Lucy M. Ortiz, Respondent,
v
Mohammad Ali Haidar, Appellant, and Charles O'Connell, Respondent.

—[*1] Nancy L. Isserlis, Long Island City, N.Y. (Lawrence R. Miles of counsel), for appellant.

In an action to recover damages for personal injuries, the defendant Mohammad Ali Haidar appeals, as limited by his brief, from so much of an order of the Supreme Court, Queens County (Dollard, J.), dated October 8, 2008, as denied his motion for summary judgment dismissing the complaint and all cross claims insofar as asserted against him.

Ordered that the order is reversed insofar as appealed from, on the law, with one bill of costs, and the motion of the defendant Mohammad Ali Haidar for summary judgment dismissing the complaint and all cross claims insofar as asserted against him is granted.

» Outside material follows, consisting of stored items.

theorem theorem3:
  fixes v c s \<rho> :: real and n :: nat
  assumes "v > 0" and "n \<ge> 2" and "c > 0" and "s \<ge> 0" and "c < v - s"
  shows "seller_revenue (\<lambda>x. x) n c v s = v
    \<and> (\<rho> < 0 \<longrightarrow>
        seller_revenue (cara \<rho>) n c v s = c * cara \<rho> (v - s) / cara \<rho> c + s
      \<and> (\<forall>m::nat. m \<ge> 2 \<longrightarrow> seller_revenue (cara \<rho>) m c v s = seller_revenue (cara \<rho>) n c v s)
      \<and> seller_revenue (cara \<rho>) n c v s > v
      \<and> (\<forall>v'. v < v' \<longrightarrow> seller_revenue (cara \<rho>) n c v s < seller_revenue (cara \<rho>) n c v' s)
      \<and> (\<forall>s'. 0 \<le> s' \<and> s' < s \<longrightarrow> seller_revenue (cara \<rho>) n c v s < seller_revenue (cara \<rho>) n c v s')
      \<and> (\<forall>c'. 0 < c' \<and> c' < c \<longrightarrow> seller_revenue (cara \<rho>) n c v s < seller_revenue (cara \<rho>) n c' v s)
      \<and> (\<forall>\<rho>'. \<rho>' < \<rho> \<longrightarrow> seller_revenue (cara \<rho>) n c v s < seller_revenue (cara \<rho>') n c v s)
      \<and> (SUP sc\<in>{(s', c'). 0 \<le> s' \<and> 0 < c' \<and> c' < v - s'}.
            seller_revenue (cara \<rho>) n (snd sc) v (fst sc)) = cara \<rho> v)"
proof (intro conjI impI allI)
  show "seller_revenue (\<lambda>x. x) n c v s = v"
    using revenue_formula[of "\<lambda>x. x" c v s n] assms by simp
  assume \<rho>: "\<rho> < 0"
  have closed_form: "seller_revenue (cara \<rho>) m c v s = c * cara \<rho> (v - s) / cara \<rho> c + s"
    if "m \<ge> 2" for m
    using revenue_risk_loving[OF \<rho> assms(3,5) that] by (simp add: cara_rl_util)
  show "seller_revenue (cara \<rho>) n c v s = c * cara \<rho> (v - s) / cara \<rho> c + s"
    using closed_form[OF assms(2)] .
  show "seller_revenue (cara \<rho>) m c v s = seller_revenue (cara \<rho>) n c v s" if "m \<ge> 2" for m
    using closed_form[OF that] closed_form[OF assms(2)] by simp
  show "seller_revenue (cara \<rho>) n c v s > v"
    using revenue_gt_value[OF \<rho> assms(3,5,2)] .
  show "seller_revenue (cara \<rho>) n c v s < seller_revenue (cara \<rho>) n c v' s" if "v < v'" for v'
    using revenue_mono_value[OF \<rho> assms(3,5,2) that] .
  show "seller_revenue (cara \<rho>) n c v s < seller_revenue (cara \<rho>) n c v s'"
    if "0 \<le> s' \<and> s' < s" for s'
    using revenue_antimono_price[OF \<rho> assms(3,5,2)] that by simp
  show "seller_revenue (cara \<rho>) n c v s < seller_revenue (cara \<rho>) n c' v s"
    if "0 < c' \<and> c' < c" for c'
    using revenue_antimono_fee[OF \<rho> _ _ assms(5,2)] that by simp
  show "seller_revenue (cara \<rho>) n c v s < seller_revenue (cara \<rho>') n c v s" if "\<rho>' < \<rho>" for \<rho>'
    using revenue_mono_risk[OF that \<rho> assms(3,5,2)] .
  show "(SUP sc\<in>{(s', c'). 0 \<le> s' \<and> 0 < c' \<and> c' < v - s'}.
          seller_revenue (cara \<rho>) n (snd sc) v (fst sc)) = cara \<rho> v"
    using revenue_sup[OF \<rho> assms(1,2)] .
qed

end
lemma isolated_update_fixed:
  assumes "i \<in> {1..n}" "0 \<le> \<rho>" "in_cube n x" "isolated n \<rho> x i"
  shows "proj01 (avg_update n \<rho> x w i) = x i"
  using assms isolated_nbrs[OF assms(1,2,4)] by (simp add: avg_update_def proj01_id in_cube_def)

text \<open>These agents never move while everybody is pushed down: the others stay more than \<open>\<rho>\<close>
  below them.\<close>
definition top_isolated :: "nat \<Rightarrow> real \<Rightarrow> (nat \<Rightarrow> real) \<Rightarrow> nat set" where
  "top_isolated n \<rho> x = {i\<in>{1..n}. \<forall>j\<in>{1..n}. x i \<le> x j \<longrightarrow> isolated n \<rho> x j}"

lemma top_isolated_isolated: "f \<in> top_isolated n \<rho> x \<Longrightarrow> isolated n \<rho> x f"
  unfolding top_isolated_def by blast

lemma below_top_isolated:
  assumes f: "f \<in> top_isolated n \<rho> x" and j: "j \<in> {1..n} - top_isolated n \<rho> x"
  shows "x j < x f - \<rho>"
proof -
  have "\<not> x f \<le> x j" using f j by (auto simp: top_isolated_def)
  moreover have "j \<noteq> f" using f j by blast
  then have "\<rho> < \<bar>x j - x f\<bar>" using top_isolated_isolated[OF f] j by (simp add: isolated_def)
  ultimately show ?thesis by auto
qed

lemma two_not_top_isolated:
  assumes "2 \<le> n" "1 / real (n - 1) \<le> \<rho>" "in_cube n x"
  shows "\<exists>i\<in>{1..n} - top_isolated n \<rho> x. \<exists>j\<in>{1..n} - top_isolated n \<rho> x. i \<noteq> j"
proof -
  obtain i j where ij: "i \<in> {1..n}" "j \<in> {1..n}" "i \<noteq> j" "\<bar>x i - x j\<bar> \<le> \<rho>"
    using exists_neighbour_pair[OF assms] by blast
  then have "\<not> isolated n \<rho> x i" "\<not> isolated n \<rho> x j"
    by (auto simp: isolated_def abs_minus_commute)
  then show ?thesis using ij top_isolated_isolated by blast
qed

lemma descent_step_bound:
  assumes r0: "0 \<le> \<rho>" and d: "0 < d" "d \<le> \<rho>" and cube: "in_cube n x"
    and w: "\<forall>i\<in>{1..n}. \<forall>j\<in>{1..n}. w j i \<le> -d"
    and x': "\<forall>i\<in>{1..n}. x' i = proj01 (avg_update n \<rho> x w i)"
    and P: "\<forall>j\<in>{1..n} - top_isolated n \<rho> x. x j \<le> P"
    and r: "r \<in> {1..n} - top_isolated n \<rho> x"
  shows "x' r \<le> max 0 (P - d/2)"
proof (cases "isolated n \<rho> x r")
  case True
  then have "x' r = x r" using x' r isolated_update_fixed[OF _ r0 cube] by auto
  moreover obtain j where j: "j \<in> {1..n}" "x r \<le> x j" "\<not> isolated n \<rho> x j"
    using r by (auto simp: top_isolated_def)
  then have "x j \<le> P" using P top_isolated_isolated by blast
  moreover have "j \<noteq> r" using True j(3) by blast
  then have "\<rho> < \<bar>x j - x r\<bar>" using True j(1) by (simp add: isolated_def)
  ultimately show ?thesis using j d by auto
next
  case False
  let ?N = "nbrs n (\<lambda>_. \<rho>) x r"
  let ?k = "real (card ?N)"
  have rV: "r \<in> {1..n}" using r by blast
  have "\<not> isolated n \<rho> x j" if "j \<in> ?N" "j \<noteq> r" for j
    using that rV by (auto simp: isolated_def nbrs_def abs_minus_commute)
  then have "\<forall>j\<in>?N. x j \<le> P" using P r top_isolated_isolated nbrs_subset by blast
  then have "(\<Sum>j\<in>?N. x j) \<le> ?k * P" using sum_bounded_above[of ?N x P] by simp
  then have up: "avg_update n \<rho> x w r \<le> P + (-d) * (?k - 1) / ?k"
    using avg_update_le[OF rV r0, of x P w "-d"] w rV by blast
  obtain j where "j \<in> {1..n}" "j \<noteq> r" "\<bar>x j - x r\<bar> \<le> \<rho>" using False by (auto simp: isolated_def)
  then have "2 \<le> ?k" using two_le_card_nbrs[OF rV r0] by fastforce
  then have "d / 2 \<le> d * (?k - 1) / ?k" using half_le_scaled_frac d by simp
  then show ?thesis using up x' rV proj01_le_max[of "avg_update n \<rho> x w r"] by auto
qed
lemma exchange_path:
  assumes "max_indep_set V E A" "max_indep_set V E B" "S \<subseteq> A \<inter> B"
  shows "(exchange_step V E S)\<^sup>*\<^sup>* A B"
  using assms
proof (induction "card (B - S)" arbitrary: S A rule: less_induct)
  case less
  show ?case
  proof (cases "B \<subseteq> A")
    case True
    then show ?thesis
      using max_indep_set_subset_eq less.prems(1,2) by (metis max_indep_set_def rtranclp.rtrancl_refl)
  next
    case False
    then obtain y where y: "y \<in> B - A" by blast
    have B_indep: "indep_set V E B" using less.prems(2) by (simp add: max_indep_set_def)
    then have "y \<in> V" "\<forall>s\<in>S. {y, s} \<notin> E"
      using y less.prems(3) indep_set_no_edge[OF B_indep] by (auto simp: indep_set_def)
    then obtain A' where A': "(exchange_step V E S)\<^sup>*\<^sup>* A A'" "y \<in> A'"
      using exchange_path_to_vertex less.prems(1,3) y by blast
    then have "max_indep_set V E A'" "S \<subseteq> A'"
      using exchange_path_max_indep_set less.prems(1,3) by blast+
    moreover have "card (B - insert y S) < card (B - S)"
      using y less.prems(3) B_indep finite_indep_set by (intro psubset_card_mono) auto
    ultimately have "(exchange_step V E (insert y S))\<^sup>*\<^sup>* A' B"
      using less.hyps less.prems(2,3) y A'(2) by auto
    then have "(exchange_step V E S)\<^sup>*\<^sup>* A' B"
      by (rule exchange_path_antimono[rotated]) blast
    then show ?thesis using A'(1) by (rule rtranclp_trans[rotated])
  qed
qed
(* Let $(Q,P)$ be a weakly quasi-lattice ordered group and let $\Lambda$ be a finitely aligned $P$-graph. Then the collection of sets $Z(\mu\setminus K)=\{x\in\mathcal{F}(\Lambda):\mu\in x,\ x\cap K=\emptyset\}$, where $\mu\in\Lambda$ and $K\subseteq\mu\Lambda$ is finite, is a basis for the topology of $\mathcal{F}(\Lambda)$.
   Context: $(Q,P)$ weakly quasi-lattice ordered: $Q$ a discrete group, $P\subseteq Q$ a subsemigroup containing the identity $e$ with $P\cap P^{-1}=\{e\}$, and, with $p\le r$ meaning $pq=r$ for some $q\in P$, any two elements of $P$ with a common upper bound have a least common upper bound. A $P$-graph is a countable small category $\Lambda$ (range/source $r,s$) with a functor $d:\Lambda\to P$ with unique factorisation (if $d(\lambda)=pq$ there are unique $\mu,\nu$ with $\lambda=\mu\nu$, $d(\mu)=p$, $d(\nu)=q$). Write $\lambda\Lambda=\{\lambda\mu: s(\lambda)=r(\mu)\}$, $\mu\preceq\lambda$ iff $\lambda\in\mu\Lambda$. $\Lambda$ is finitely aligned if for all $\mu,\nu\in\Lambda$ there is a finite (possibly empty) $J\subseteq\Lambda$ with $\mu\Lambda\cap\nu\Lambda=\bigcup_{\kappa\in J}\kappa\Lambda$. A filter is a nonempty hereditary and directed subset of $\Lambda$ (w.r.t. $\preceq$); $\mathcal{F}(\Lambda)$ is the set of filters, with the subspace topology from $\mathcal{P}(\Lambda)\cong\{0,1\}^\Lambda$ carrying the product topology (basis $\{x: K_1\subseteq x\subseteq\Lambda\setminus K_2\}$, $K_1,K_2$ finite). *)

theory Defs
  imports "HOL-Analysis.Analysis" "HOL-Algebra.Group"
begin

definition pleq :: "('q, 'b) monoid_scheme \<Rightarrow> 'q set \<Rightarrow> 'q \<Rightarrow> 'q \<Rightarrow> bool" where
  "pleq G P p r \<longleftrightarrow> (\<exists>q\<in>P. p \<otimes>\<^bsub>G\<^esub> q = r)"

definition wqlo :: "('q, 'b) monoid_scheme \<Rightarrow> 'q set \<Rightarrow> bool" where
  "wqlo G P \<longleftrightarrow> group G \<and> P \<subseteq> carrier G \<and> \<one>\<^bsub>G\<^esub> \<in> P
     \<and> (\<forall>p\<in>P. \<forall>q\<in>P. p \<otimes>\<^bsub>G\<^esub> q \<in> P)
     \<and> P \<inter> (\<lambda>p. inv\<^bsub>G\<^esub> p) ` P = {\<one>\<^bsub>G\<^esub>}
     \<and> (\<forall>p\<in>P. \<forall>r\<in>P. (\<exists>u\<in>P. pleq G P p u \<and> pleq G P r u) \<longrightarrow>
          (\<exists>l\<in>P. pleq G P p l \<and> pleq G P r l \<and>
              (\<forall>u\<in>P. pleq G P p u \<and> pleq G P r u \<longrightarrow> pleq G P l u)))"

text \<open>A small category with object set obj, morphism set mor, range rng, source src,
  identities idt and composition cmp (cmp m n defined when src m = rng n),
  together with a degree map deg into the group.\<close>

record ('o, 'a, 'q) pgraph =
  obj :: "'o set"
  mor :: "'a set"
  rng :: "'a \<Rightarrow> 'o"
  src :: "'a \<Rightarrow> 'o"
  idt :: "'o \<Rightarrow> 'a"
  cmp :: "'a \<Rightarrow> 'a \<Rightarrow> 'a"
  deg :: "'a \<Rightarrow> 'q"

definition small_category :: "('o, 'a, 'q, 'c) pgraph_scheme \<Rightarrow> bool" where
  "small_category L \<longleftrightarrow>
     (\<forall>m\<in>mor L. rng L m \<in> obj L \<and> src L m \<in> obj L)
   \<and> (\<forall>v\<in>obj L. idt L v \<in> mor L \<and> rng L (idt L v) = v \<and> src L (idt L v) = v)
   \<and> (\<forall>m\<in>mor L. \<forall>n\<in>mor L. src L m = rng L n \<longrightarrow>
        cmp L m n \<in> mor L \<and> rng L (cmp L m n) = rng L m \<and> src L (cmp L m n) = src L n)
   \<and> (\<forall>m\<in>mor L. \<forall>n\<in>mor L. \<forall>k\<in>mor L. src L m = rng L n \<and> src L n = rng L k \<longrightarrow>
        cmp L (cmp L m n) k = cmp L m (cmp L n k))
   \<and> (\<forall>m\<in>mor L. cmp L (idt L (rng L m)) m = m \<and> cmp L m (idt L (src L m)) = m)"
lemma mean_deviation_le_Cauchy_Schwarz:
  fixes M :: "'a measure" and \<rho> w f :: "'a \<Rightarrow> real"
  assumes prob: "prob_space (density M \<rho>)"
    and \<rho> [measurable]: "\<rho> \<in> borel_measurable M" and \<rho>_nonneg: "\<And>x. \<rho> x \<ge> 0"
    and w [measurable]: "w \<in> borel_measurable M" and w_pos: "\<And>x. w x > 0"
    and f [measurable]: "f \<in> borel_measurable M" and F: "\<And>x. \<bar>f x\<bar> \<le> F"
  shows "ennreal ((m - (\<integral>x. f x \<partial>density M \<rho>))\<^sup>2)
       \<le> (\<integral>\<^sup>+x. ennreal ((f x - m)\<^sup>2 * w x) \<partial>M) * (\<integral>\<^sup>+x. ennreal ((\<rho> x)\<^sup>2 / w x) \<partial>M)"
proof -
  interpret \<mu>: prob_space "density M \<rho>" by (rule prob)
  define c where "c = (\<integral>x. f x \<partial>density M \<rho>)"
  have fint: "integrable (density M \<rho>) f"
    by (rule \<mu>.integrable_const_bound[of _ F]) (auto simp: F)
  have "c - m = (\<integral>x. f x - m \<partial>density M \<rho>)"
    using fint \<mu>.prob_space by (simp add: c_def)
  then have "ennreal \<bar>c - m\<bar> \<le> (\<integral>\<^sup>+x. ennreal \<bar>f x - m\<bar> \<partial>density M \<rho>)"
    using integral_norm_bound_ennreal[of "density M \<rho>" "\<lambda>x. f x - m"] fint by simp
  also have "\<dots> = (\<integral>\<^sup>+x. ennreal (\<bar>f x - m\<bar> * sqrt (w x)) * ennreal (\<rho> x / sqrt (w x)) \<partial>M)"
  proof (subst nn_integral_density)
    show "(\<integral>\<^sup>+x. ennreal (\<rho> x) * ennreal \<bar>f x - m\<bar> \<partial>M)
      = (\<integral>\<^sup>+x. ennreal (\<bar>f x - m\<bar> * sqrt (w x)) * ennreal (\<rho> x / sqrt (w x)) \<partial>M)"
      using w_pos \<rho>_nonneg
      by (intro nn_integral_cong) (simp add: ennreal_mult[symmetric] less_imp_le mult.commute less_imp_neq[symmetric])
  qed (use \<rho>_nonneg in auto)
  finally have "(ennreal \<bar>c - m\<bar>)\<^sup>2
      \<le> (\<integral>\<^sup>+x. ennreal (\<bar>f x - m\<bar> * sqrt (w x)) * ennreal (\<rho> x / sqrt (w x)) \<partial>M)\<^sup>2"
    by (intro power_mono) auto
  also have "\<dots> \<le> (\<integral>\<^sup>+x. (ennreal (\<bar>f x - m\<bar> * sqrt (w x)))\<^sup>2 \<partial>M)
                  * (\<integral>\<^sup>+x. (ennreal (\<rho> x / sqrt (w x)))\<^sup>2 \<partial>M)"
    by (rule Cauchy_Schwarz_nn_integral) auto
  also have "\<dots> = (\<integral>\<^sup>+x. ennreal ((f x - m)\<^sup>2 * w x) \<partial>M) * (\<integral>\<^sup>+x. ennreal ((\<rho> x)\<^sup>2 / w x) \<partial>M)"
    using w_pos \<rho>_nonneg
    by (intro arg_cong2[where f="(*)"] nn_integral_cong)
       (simp_all add: ennreal_power less_imp_le power_mult_distrib power_divide)
  finally show ?thesis
    by (simp add: c_def ennreal_power power2_commute)
qed

lemma nn_integral_square_shift:
  fixes M :: "'a measure" and f w :: "'a \<Rightarrow> real"
  assumes [measurable]: "f \<in> borel_measurable M" "w \<in> borel_measurable M"
    and w_nonneg: "\<And>x. w x \<ge> 0"
  shows "(\<integral>\<^sup>+x. ennreal ((f x - c)\<^sup>2 * w x) \<partial>M)
       \<le> 2 * ((\<integral>\<^sup>+x. ennreal ((f x - m)\<^sup>2 * w x) \<partial>M) + ennreal ((m - c)\<^sup>2) * (\<integral>\<^sup>+x. ennreal (w x) \<partial>M))"
proof -
  have "(\<integral>\<^sup>+x. ennreal ((f x - c)\<^sup>2 * w x) \<partial>M)
      \<le> (\<integral>\<^sup>+x. 2 * (ennreal ((f x - m)\<^sup>2 * w x) + ennreal ((m - c)\<^sup>2) * ennreal (w x)) \<partial>M)"
  proof (rule nn_integral_mono)
    fix x
    have "(f x - c)\<^sup>2 \<le> 2 * (f x - m)\<^sup>2 + 2 * (m - c)\<^sup>2"
      using sum_squares_bound[of "f x - m" "m - c"] by (simp add: power2_eq_square algebra_simps)
    then have "(f x - c)\<^sup>2 * w x \<le> (2 * (f x - m)\<^sup>2 + 2 * (m - c)\<^sup>2) * w x"
      using w_nonneg[of x] by (rule mult_right_mono)
    also have "\<dots> = 2 * ((f x - m)\<^sup>2 * w x + (m - c)\<^sup>2 * w x)"
      by (simp add: algebra_simps)
    finally have "(f x - c)\<^sup>2 * w x \<le> 2 * ((f x - m)\<^sup>2 * w x + (m - c)\<^sup>2 * w x)" .
    then show "ennreal ((f x - c)\<^sup>2 * w x)
        \<le> 2 * (ennreal ((f x - m)\<^sup>2 * w x) + ennreal ((m - c)\<^sup>2) * ennreal (w x))"
      using w_nonneg[of x] zero_le_power2[of "f x - m"] zero_le_power2[of "m - c"]
      by (metis ennreal_leI ennreal_mult ennreal_numeral ennreal_plus
          mult_nonneg_nonneg add_nonneg_nonneg zero_le_numeral)
  qed
  also have "\<dots> = 2 * ((\<integral>\<^sup>+x. ennreal ((f x - m)\<^sup>2 * w x) \<partial>M)
                     + ennreal ((m - c)\<^sup>2) * (\<integral>\<^sup>+x. ennreal (w x) \<partial>M))"
    by (simp add: nn_integral_cmult nn_integral_add)
  finally show ?thesis .
qed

A rear-end collision with a stopped or stopping vehicle creates a prima facie case of negligence with respect to the operator of the moving vehicle, and imposes a duty on that operator to provide a non-negligent explanation for the collision (see Arias v Rosario, 52 AD3d 551, 552 [2008]; Smith v Seskin, 49 AD3d 628 [2008]; Ahmad v Grimaldi, 40 AD3d 786, 787 [2007]). Evidence that a vehicle was struck in the rear and propelled into the vehicle in front of it may provide a sufficient non-negligent explanation (see Katz v Masada II Car & Limo Serv., Inc., 43 AD3d 876, 877 [2007]; Harris v Ryder, 292 AD2d 499, 500 [2002]).

Here, the parties were involved in a three-vehicle accident on Fifth Avenue near its intersection with 45th Street in Manhattan. The defendant Mohammad Ali Haidar established his entitlement to judgment as a matter of law by demonstrating that he was able to slow his vehicle in response to the plaintiff's deceleration of her vehicle, but that his vehicle was then propelled forward into the plaintiff's vehicle after his vehicle was struck in the rear by the vehicle of the defendant Charles O'Connell (see Katz v Masada II Car & Limo Serv., Inc., 43 AD3d 876 [2007]; Harris v Ryder, 292 AD2d 499 [2002]). In response to this showing, neither O'Connell nor the plaintiff raised a triable issue of fact (see Sanabria v Paduch, 61 AD3d 839 [2009]; Trombetta v Cathone, 59 AD3d 526 [2009]).

Accordingly, the Supreme Court should have granted Haidar's motion for summary judgment dismissing the complaint and all cross claims insofar as asserted against him. Skelos, J.P., Eng, Belen and Austin, JJ., concur.